Saturday, October 22, 2016

IT Compass

During a meeting, the terms "north" and "south" popped up again while discussing network zoning and DMZ. North is the "outside", typically the Internet. South are the internal, trusted systems.

North-South in networking (from PaloAlto networking)
How would IT people in South-Africa think about this, where the north is "hot" and very south Antarctica cold? Maybe also good fit: freezing in the data center, hot and dangerous on the Internet.

Saturday, October 15, 2016

Unikernel: microservices without an OS

As I continue to spend lots of time on the road and in traffic jams, podcasts are an efficient way to keep up-to-date in the fast moving IT world. Just finished listening SE-Radio Episode 271: Idit Levine on Unikernels. Very interesting.

Had never heard of Unikernel. Actually this is hardly a real OS: no multi-tasking, no security, no memory management. Memory directly mapped to the underlying hardware and some device drivers.

Unikernels become most relevant when used on top of a virtualization layer. A single application is combined with the Unikernel to become a super light-weight runtime unit.
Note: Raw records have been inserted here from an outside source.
(* Let $X$ be a $T_1$ space. The assignments $\mathcal G\mapsto\hat{\mathcal G}$ and $\mathcal C\mapsto\mathcal C^\star$ give a one-to-one correspondence (up to isomorphism) between topological étale groupoids over $X$ and pseudogroup sheaves on $X$: for every topological étale groupoid $\mathcal G$ over $X$, $\hat{\mathcal G}$ is a pseudogroup sheaf and $(\hat{\mathcal G})^\star\cong\mathcal G$ as topological groupoids over $X$; and for every pseudogroup sheaf $\mathcal C$ on $X$, $\mathcal C^\star$ (with the étale space topology) is a topological étale groupoid over $X$ and $\widehat{\mathcal C^\star}\cong\mathcal C$ by an isomorphism of categories that is the identity on $X_{top}$.
   Context: $X_{top}$ denotes the set of open subsets of $X$, regarded as a category with exactly one morphism $U\to V$ iff $U\subseteq V$. Let $\mathcal C$ be a small category with $\mathrm{Ob}(\mathcal C)=X_{top}$ containing $X_{top}$ as a subcategory (identity on objects). For each open $V$, $\mathcal C(-,V)$ is a presheaf of sets on $X$ (restriction along $U'\subseteq U$ = precomposition with the inclusion morphism). For $x\in X$ let $\mathcal C_x(V)=\operatorname{colim}_{U\ni x}\mathcal C(U,V)$ (germ of $f\in\mathcal C(U,V)$ at $x$ written $f_x$); postcomposition with inclusions makes this functorial in $V$, and for $y\in X$ let $\mathcal C_x^y=\lim_{V\ni y}\mathcal C_x(V)$ (limit over open neighbourhoods of $y$), with projections $\mathcal C_x^y\to\mathcal C_x(V)$. Composition in $\mathcal C$ induces $\mathcal C_y^z\times\mathcal C_x^y\to\mathcal C_x^z$: given $\varphi\in\mathcal C_x^y,\psi\in\mathcal C_y^z$ and open $W\ni z$, choose $g\in\mathcal C(V,W)$, $y\in V$, representing the component $\psi_W$, and $f\in\mathcal C(U,V)$ representing $\varphi_V$; the $W$-component of $\psi\circ\varphi$ is $(g\circ f)_x$. This defines a category $\mathcal C^\star$ with objects the points of $X$ and $\mathcal C^\star(x,y)=\mathcal C_x^y$; its morphism set $\coprod_{x,y}\mathcal C_x^y$ is identified via (2) below with $\coprod_x\mathcal C_x(X)$ and topologized as the étale space of the presheaf $\mathcal C(-,X)$. For $X$ a $T_1$ space, a pre-pseudogroup on $X$ is such a $\mathcal C$ satisfying: (1) $\mathrm{Ob}(\mathcal C)=\mathrm{Ob}(X_{top})$; (2) for every open $V$ and $x\in X$, the map $\coprod_{y\in V}\mathcal C_x^y\to\mathcal C_x(V)$ induced by the projections is a bijection; (3) $\mathcal C^\star$ is a groupoid. A pseudogroup sheaf on $X$ is a pre-pseudogroup such that moreover (4) each presheaf $\mathcal C(-,V)$ is a sheaf. A topological étale groupoid $\mathcal G$ over $X$ has object space $X$, morphism space $\mathcal G_1$, continuous structure maps (source $s$, target $t$, unit $i$, inversion, composition $\mathrm{comp}$), with $s,t$ local homeomorphisms. $\hat{\mathcal G}$ is the category with object set $X_{top}$ and $\hat{\mathcal G}(U,V)=\{f:U\to t^{-1}(V)\text{ continuous}: s\circ f=\mathrm{id}_U\}$, composite of $f\in\hat{\mathcal G}(U,V)$, $g\in\hat{\mathcal G}(V,W)$ being $x\mapsto\mathrm{comp}(g(t(f(x))),f(x))$, identity $i|_U$, and $X_{top}$ embedded via $(U\subseteq V)\mapsto i|_U$. *)

theory Defs
  imports "HOL-Analysis.Analysis"
begin

text \<open>A small category whose objects are the open subsets of X. Morphisms live in smor;
  sdom/scod give source and target, scmp g f is the composite g after f, sidn U the identity,
  and sinc U V the morphism U -> V that is the image of the inclusion U <= V of X_top.\<close>

record ('a,'m) sitecat =
  smor :: "'m set"
  sdom :: "'m \<Rightarrow> 'a set"
  scod :: "'m \<Rightarrow> 'a set"
  scmp :: "'m \<Rightarrow> 'm \<Rightarrow> 'm"
  sidn :: "'a set \<Rightarrow> 'm"
  sinc :: "'a set \<Rightarrow> 'a set \<Rightarrow> 'm"

definition shom :: "('a,'m) sitecat \<Rightarrow> 'a set \<Rightarrow> 'a set \<Rightarrow> 'm set" where
  "shom C U V = {f \<in> smor C. sdom C f = U \<and> scod C f = V}"

definition is_sitecat :: "'a topology \<Rightarrow> ('a,'m) sitecat \<Rightarrow> bool" where
  "is_sitecat X C \<longleftrightarrow>
     (\<forall>f\<in>smor C. openin X (sdom C f) \<and> openin X (scod C f)) \<and>
     (\<forall>U. openin X U \<longrightarrow> sidn C U \<in> shom C U U) \<and>
     (\<forall>U V W f g. f \<in> shom C U V \<and> g \<in> shom C V W \<longrightarrow> scmp C g f \<in> shom C U W) \<and>
     (\<forall>f\<in>smor C. scmp C (sidn C (scod C f)) f = f \<and> scmp C f (sidn C (sdom C f)) = f) \<and>
     (\<forall>U V W Z f g h. f \<in> shom C U V \<and> g \<in> shom C V W \<and> h \<in> shom C W Z \<longrightarrow>
        scmp C h (scmp C g f) = scmp C (scmp C h g) f) \<and>
     (\<forall>U V. openin X U \<and> openin X V \<and> U \<subseteq> V \<longrightarrow> sinc C U V \<in> shom C U V) \<and>
     (\<forall>U. openin X U \<longrightarrow> sinc C U U = sidn C U) \<and>
     (\<forall>U V W. openin X U \<and> openin X V \<and> openin X W \<and> U \<subseteq> V \<and> V \<subseteq> W \<longrightarrow>
        scmp C (sinc C V W) (sinc C U V) = sinc C U W)"

text \<open>The germ at x of f (with x in the domain of f): the equivalence class of f in the
  filtered colimit over open neighbourhoods U of x of C(U, cod f).\<close>
definition germ :: "'a topology \<Rightarrow> ('a,'m) sitecat \<Rightarrow> 'a \<Rightarrow> 'm \<Rightarrow> 'm set" where
  "germ X C x f = {g \<in> smor C. scod C g = scod C f \<and> x \<in> sdom C g \<and>
      (\<exists>W. openin X W \<and> x \<in> W \<and> W \<subseteq> sdom C f \<inter> sdom C g \<and>
           scmp C f (sinc C W (sdom C f)) = scmp C g (sinc C W (sdom C g)))}"

definition stalk :: "'a topology \<Rightarrow> ('a,'m) sitecat \<Rightarrow> 'a \<Rightarrow> 'a set \<Rightarrow> 'm set set" where
  "stalk X C x V = {germ X C x f | f. f \<in> smor C \<and> scod C f = V \<and> x \<in> sdom C f}"

text \<open>C_x^y: compatible families (limit over open neighbourhoods V of y); a family is
  represented as a function on open sets, equal to the empty set away from the neighbourhoods
  of y.\<close>
definition stalk2 :: "'a topology \<Rightarrow> ('a,'m) sitecat \<Rightarrow> 'a \<Rightarrow> 'a \<Rightarrow> ('a set \<Rightarrow> 'm set) set" where
  "stalk2 X C x y = {\<phi>.
     (\<forall>V. openin X V \<and> y \<in> V \<longrightarrow> \<phi> V \<in> stalk X C x V) \<and>
     (\<forall>V. \<not> (openin X V \<and> y \<in> V) \<longrightarrow> \<phi> V = {}) \<and>
     (\<forall>V V' f. openin X V \<and> openin X V' \<and> y \<in> V \<and> V \<subseteq> V' \<and>
        f \<in> smor C \<and> scod C f = V \<and> x \<in> sdom C f \<and> germ X C x f = \<phi> V \<longrightarrow>
        germ X C x (scmp C (sinc C V V') f) = \<phi> V')}"

definition star_mor :: "'a topology \<Rightarrow> ('a,'m) sitecat \<Rightarrow> ('a \<times> 'a \<times> ('a set \<Rightarrow> 'm set)) set" where
  "star_mor X C = {(x, y, \<phi>). x \<in> topspace X \<and> y \<in> topspace X \<and> \<phi> \<in> stalk2 X C x y}"

definition star_src :: "'a \<times> 'a \<times> ('a set \<Rightarrow> 'm set) \<Rightarrow> 'a" where
  "star_src m = fst m"

definition star_tgt :: "'a \<times> 'a \<times> ('a set \<Rightarrow> 'm set) \<Rightarrow> 'a" where
  "star_tgt m = fst (snd m)"

definition star_cmp_fam ::
  "'a topology \<Rightarrow> ('a,'m) sitecat \<Rightarrow> 'a \<Rightarrow> 'a \<Rightarrow> 'a \<Rightarrow> ('a set \<Rightarrow> 'm set) \<Rightarrow> ('a set \<Rightarrow> 'm set) \<Rightarrow> ('a set \<Rightarrow> 'm set)" where
  "star_cmp_fam X C x y z \<psi> \<phi> = (\<lambda>W. if openin X W \<and> z \<in> W then
      (SOME h. \<exists>g f. g \<in> smor C \<and> scod C g = W \<and> y \<in> sdom C g \<and> germ X C y g = \<psi> W \<and>
                    f \<in> smor C \<and> scod C f = sdom C g \<and> x \<in> sdom C f \<and> germ X C x f = \<phi> (sdom C g) \<and>
                    h = germ X C x (scmp C g f))
      else {})"

definition star_cmp :: "'a topology \<Rightarrow> ('a,'m) sitecat \<Rightarrow>
    'a \<times> 'a \<times> ('a set \<Rightarrow> 'm set) \<Rightarrow> 'a \<times> 'a \<times> ('a set \<Rightarrow> 'm set) \<Rightarrow> 'a \<times> 'a \<times> ('a set \<Rightarrow> 'm set)" where
  "star_cmp X C n m = (fst m, fst (snd n), star_cmp_fam X C (fst m) (fst (snd m)) (fst (snd n)) (snd (snd n)) (snd (snd m)))"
A fine alternative for microservices running in a container.

Unikernels are also a nice fit with server-less architectures: the Unikernel App is super-fast to start. So Unikernel Apps as a more efficient Function-As-A-Service approach.

When mapping this to my own world of integration, the Unikernel App could be a nice mechanism to handle all the async events going on in an integration environment. An incoming message or API call starts the Unikernel App which handles the message: transformation, routing, logging, forwarding...

Incredible at which pace the IT world keeps moving.

Sunday, October 9, 2016

Event-driven Microservices

A few weekends ago, I decided that it was time to catch up on Microservices. Hadn't been following the topic for a longer while. Starting point is often Safari: but instead of reading, I ended up watching the video tutorial "Event-Driven Microservices". By the way, the first part is freely accessible without a Safari subscription.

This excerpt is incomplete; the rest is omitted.